Federal judge postpones CU regent’s request to lift censure restrictions
A federal judge on Thursday canceled an upcoming hearing to decide whether to block the restrictions the University of Colorado’s governing body has placed on one of its members, indicating that he would instead pivot to the defendants’ motion to dismiss.
CU Regent Wanda James is suing her fellow Board of Regents members over their decision to censure her last July and remove her committee assignments. U.S. District Court Chief Judge Philip A. Brimmer had scheduled a hearing for July 21 to decide whether to grant James a preliminary injunction and block the board’s sanctions while her lawsuit unfolded.
However, earlier in the week, the defendants turned to the Denver-based federal appeals court to prevent Brimmer from holding the hearing. They argued that they had invoked various forms of immunity that would bar James’ lawsuit, and that it was improper for Brimmer to proceed with a hearing without first evaluating their entitlement to immunity.
In a July 9 order, Brimmer wrote that he saw no clear precedent describing how he should handle a request to refrain from addressing a preliminary injunction motion. Still, relying on the established factors for deciding whether to pause a case, Brimmer determined it was proper to hold off until he could address the defendants’ forthcoming motion to dismiss.
The U.S. Supreme Court “is clear that immunity, and protecting immune defendants from the burden of litigation, is in the public interest, as immunity prevents public officials from being distracted by litigation, and avoids deterring people from public service,” he wrote. “Thus, the Court will stay this action pending the Court’s ruling on whether defendants are entitled to immunity.”
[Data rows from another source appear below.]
(* Let $X$ be a topological space and let $(x_n)_{n\in\omega}$ be a sequence of pairwise distinct points of $X$ such that the subspace $\{x_n : n\in\omega\}$ is homeomorphic to $\mathbb{Q}$. Fix a metric $d$ on $\{x_n:n\in\omega\}$ compatible with its subspace topology. Call $A\subseteq\omega$ scattered if there is no $B\subseteq A$ such that the subspace $\{x_n:n\in B\}$ is homeomorphic to $\mathbb{Q}$; let $\mathcal{I}$ be the family of scattered subsets of $\omega$ and $\mathcal{I}^+=\mathcal{P}(\omega)\setminus\mathcal{I}$. For $i,j\in\omega$ let $A_{i,j}=\{n\in\omega : d(x_n,x_i)<\frac{1}{j+1}\}$. Then: (1) for every $A\subseteq\omega$, $A\in\mathcal{I}^+$ if and only if there exists a nonempty $B\subseteq A$ such that for all $i\in B$ and all $j\in\omega$ there is $n\in B\cap A_{i,j}$ with $n\neq i$; (2) for every $A\in\mathcal{I}^+$ there exists $B\subseteq A$ with $B\in\mathcal{I}^+$ such that $B\cap A_{i,j}\in\mathcal{I}^+$ for all $i\in B$ and all $j\in\omega$.
   Context: $\omega$ denotes the set of natural numbers and $\mathcal{P}(\omega)$ its power set. $\mathbb{Q}$ carries its usual topology. *)

theory Defs
  imports "HOL-Analysis.Analysis"
begin

definition scattered_idx :: "'a topology \<Rightarrow> (nat \<Rightarrow> 'a) \<Rightarrow> nat set \<Rightarrow> bool" where
  "scattered_idx X x A \<longleftrightarrow>
     \<not> (\<exists>B\<subseteq>A. subtopology X (x ` B) homeomorphic_space top_of_set (\<rat> :: real set))"

definition scat_ideal :: "'a topology \<Rightarrow> (nat \<Rightarrow> 'a) \<Rightarrow> nat set set" where
  "scat_ideal X x = {A. scattered_idx X x A}"

definition scat_plus :: "'a topology \<Rightarrow> (nat \<Rightarrow> 'a) \<Rightarrow> nat set set" where
  "scat_plus X x = Pow UNIV - scat_ideal X x"

definition ballA :: "('a \<Rightarrow> 'a \<Rightarrow> real) \<Rightarrow> (nat \<Rightarrow> 'a) \<Rightarrow> nat \<Rightarrow> nat \<Rightarrow> nat set" where
  "ballA d x i j = {n. d (x n) (x i) < 1 / (real j + 1)}"

end

theory Submission
  imports Defs
begin

(*
  Part (1): if x[A] contains a copy of the rationals, that copy has no isolated points. Conversely,
  every nonempty subset P of a metric space without isolated points contains a copy of the
  rationals. To see this, build a tree of balls indexed by finite integer sequences: a ball of
  radius r centred in P contains countably many pairwise disjoint balls of radius at most r/2
  centred in P, one of them concentric with it. A rational q is coded by its dyadic digits
  floor((q - xi) 2^n) for a fixed irrational xi, which are locally constant on the rationals, and
  is sent to the point in which the balls along its code shrink. To make that point a centre, at
  each node the concentric ball is attached to the next digit of the first rational (in a fixed
  enumeration) whose code begins with that node; the centres along the code of q are then
  eventually constant, and disjointness of the balls makes the map an embedding.
  Part (2): a set without isolated points keeps this property when intersected with an open ball.
*)

definition irrational_offset :: real where
  "irrational_offset = (SOME t. t \<notin> \<rat>)"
The flurry of activity in the weeks before the planned preliminary injunction hearing stemmed from the Board of Regents’ decision to censure James for violating her duties as a regent. James has represented the 1st Congressional District on the board since 2023, and she criticized a THC education campaign’s imagery as racist. The board also found that she worked to revoke funding from the university program behind the campaign. James, who is also an entrepreneur in the marijuana industry, disclaimed responsibility in her legal filings for any funding decisions.
Last summer, the board voted by 7-1 to censure James. It removed her from committee assignments and rescinded her invitations to university events that regents attend in their official capacities. James then sued the board members who voted to censure her, alleging they violated her First Amendment rights.
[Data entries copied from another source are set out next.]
lemma maximal_components_snoc_same: "maximal_components k (X @ [k]) = maximal_components k X @ [[]]"
  by (simp add: maximal_components_def splitn_snoc suffix_maxima_snoc Nil_wle)

lemma maximal_components_eq_filter_last:
  "maximal_components n X =
     filter (wle (last (splitn n X))) (suffix_maxima wle (butlast (splitn n X))) @ [last (splitn n X)]"
  unfolding maximal_components_def
  by (metis append_butlast_last_id splitn_neq_Nil suffix_maxima_snoc)

lemma maximal_components_snoc_other:
  "k \<noteq> n \<Longrightarrow> maximal_components n (X @ [k]) =
     filter (wle (last (splitn n X) @ [k])) (suffix_maxima wle (butlast (splitn n X)))
     @ [last (splitn n X) @ [k]]"
  by (simp add: maximal_components_def splitn_snoc suffix_maxima_snoc)

lemma length_last_splitn_less: "n \<in> set X \<Longrightarrow> length (last (splitn n X)) < length X"
  using length_splitn(2) last_in_set splitn_neq_Nil by blast

lemma length_last_splitn_le: "length (last (splitn n X)) \<le> length X"
  using length_splitn(1) last_in_set splitn_neq_Nil by blast

lemma wle_snoc: "X \<precsim>w X @ [k]"
proof (induction "length X" arbitrary: X rule: less_induct)
  case less
  show ?case
  proof (cases "\<forall>x\<in>set X. k \<le> x")
    case True
    then have "\<forall>x\<in>set (X @ X @ [k]). k \<le> x"
      by auto
    moreover have "lexle wle (maximal_components k X) (maximal_components k X @ [[]])"
      using lexle_append wle_refl by blast
    ultimately show ?thesis
      using wle_iff_maximal_components maximal_components_snoc_same by metis
  next
    case False
    define n where "n = Min (set X)"
    define a where "a = last (splitn n X)"
    have "X \<noteq> []"
      using False by auto
    then have "n \<in> set X" and "\<forall>y\<in>set X. n \<le> y"
      unfolding n_def by simp_all
    then have "n < k"
      using False by (meson le_less_trans not_le)
    then have ge: "\<forall>y\<in>set (X @ X @ [k]). n \<le> y"
      using \<open>\<forall>y\<in>set X. n \<le> y\<close> by auto
    have "a \<precsim>w a @ [k]"
      unfolding a_def using length_last_splitn_less[OF \<open>n \<in> set X\<close>] by (rule less)
    then have "lexle wle (maximal_components n X) (maximal_components n (X @ [k]))"
      unfolding maximal_components_eq_filter_last[of n X] maximal_components_snoc_other[OF \<open>n < k\<close>[THEN less_imp_neq, symmetric]]
      using lexle_filter_snoc_mono wle_total wle_trans a_def by metis
    then show ?thesis
      using wle_iff_maximal_components[OF ge] by blast
  qed
qed
lemma lasso_prediction_bound:
  fixes S :: "real^'n^'n"
  assumes psd: "\<And>u. 0 \<le> u \<bullet> (S *v u)" and xi_pos: "0 < xi"
    and kappa_nonneg: "0 \<le> re_const S (l0norm theta0) 1"
    and le: "lasso_obj S theta0 xi theta \<le> lasso_obj S theta0 xi theta0"
  shows "re_const S (l0norm theta0) 1 * ((theta - theta0) \<bullet> (S *v (theta - theta0)))
           \<le> 4 * xi\<^sup>2 * real (l0norm theta0)"
proof -
  define J where "J = {i. theta0 $ i \<noteq> 0}"
  define v where "v = theta - theta0"
  define q where "q = v \<bullet> (S *v v)"
  define k where "k = re_const S (l0norm theta0) 1"
  define s0 where "s0 = real (l0norm theta0)"
  have q_nonneg: "0 \<le> q" unfolding q_def by (rule psd)
  have basic: "q + 2 * xi * l1norm (restr (- J) v) \<le> 2 * xi * l1norm (restr J v)"
    using lasso_basic_inequality[OF le] xi_pos by (simp add: J_def v_def q_def)
  moreover have "0 \<le> 2 * xi * l1norm (restr (- J) v)"
    using xi_pos by (simp add: l1norm_nonneg)
  ultimately have q_le: "q \<le> 2 * xi * l1norm (restr J v)"
    by linarith
  have "xi * l1norm (restr (- J) v) \<le> xi * l1norm (restr J v)"
    using basic q_nonneg by simp
  then have cone: "l1norm (restr (- J) v) \<le> 1 * l1norm (restr J v)"
    using xi_pos by simp
  have card_J: "card J \<le> l0norm theta0" by (simp add: J_def l0norm_def)
  have RE: "k * (norm v)\<^sup>2 \<le> q"
    unfolding k_def q_def by (rule re_const_le_Rayleigh_quotient[OF psd card_J cone])
  have "q\<^sup>2 \<le> 4 * xi\<^sup>2 * (l1norm (restr J v))\<^sup>2"
    using power_mono[OF q_le q_nonneg, of 2] by (simp add: power_mult_distrib)
  also have "\<dots> \<le> 4 * xi\<^sup>2 * (s0 * (norm v)\<^sup>2)"
    using l1norm_restr_sq_le[of J v] by (simp add: s0_def J_def l0norm_def mult_left_mono)
  finally have "k * q\<^sup>2 \<le> k * (4 * xi\<^sup>2 * (s0 * (norm v)\<^sup>2))"
    using kappa_nonneg by (simp add: k_def mult_left_mono)
  also have "\<dots> = 4 * xi\<^sup>2 * s0 * (k * (norm v)\<^sup>2)" by (simp add: algebra_simps)
  also have "\<dots> \<le> 4 * xi\<^sup>2 * s0 * q"
    using RE by (intro mult_left_mono) (auto simp: s0_def)
  finally have "(k * q) * q \<le> (4 * xi\<^sup>2 * s0) * q"
    by (simp add: power2_eq_square algebra_simps)
  then have "k * q \<le> 4 * xi\<^sup>2 * s0"
    using q_nonneg by (cases "q = 0") (auto simp: s0_def)
  then show ?thesis by (simp add: k_def s0_def q_def v_def)
qed

lemma lasso_support_bound:
  fixes S :: "real^'n^'n"
  assumes sym: "transpose S = S" and psd: "\<And>u. 0 \<le> u \<bullet> (S *v u)" and "0 \<le> xi"
    and minimizer: "\<And>theta. lasso_obj S theta0 xi thetaZN \<le> lasso_obj S theta0 xi theta"
  shows "real (l0norm thetaZN) * xi\<^sup>2
           \<le> spec_norm S * ((thetaZN - theta0) \<bullet> (S *v (thetaZN - theta0)))"
proof -
  define T where "T = {i. thetaZN $ i \<noteq> 0}"
  define g where "g = S *v (thetaZN - theta0)"
  have "(g $ i)\<^sup>2 = xi\<^sup>2" if "i \<in> T" for i
    using lasso_stationarity[OF sym minimizer, of i] that
    by (simp add: T_def g_def power_mult_distrib sgn_if)
  then have "real (l0norm thetaZN) * xi\<^sup>2 = (\<Sum>i\<in>T. (g $ i)\<^sup>2)"
    by (simp add: T_def l0norm_def)
  also have "\<dots> \<le> (norm g)\<^sup>2" by (rule sum_sq_coords_le_norm_sq)
  also have "\<dots> \<le> spec_norm S * ((thetaZN - theta0) \<bullet> (S *v (thetaZN - theta0)))"
    unfolding g_def by (rule psd_norm_sq_le[OF sym psd])
  finally show ?thesis .
qed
“The sanctions imposed have prevented me from doing my job as a regent, stripped me of the privileges of my office, and punished me,” James wrote in a statement submitted with her motion for a preliminary injunction in May. “Regent committees are the primary mechanism through which individual regents exercise the decisional authority of the office. Through committee assignments, regents review and shape University budgets, academic affairs, governance policies, and executive decisions.”
The defendants moved to halt the proceedings. They argued they were immune from being sued as legislators, and also for their quasi-judicial decision to censure James.
“Because immunity doctrines are designed to protect defendants from the burden of such proceedings, the Court should specify that it will neither order a hearing nor decide Regent James’s preliminary injunction motion until the question of immunity is resolved,” wrote their attorneys.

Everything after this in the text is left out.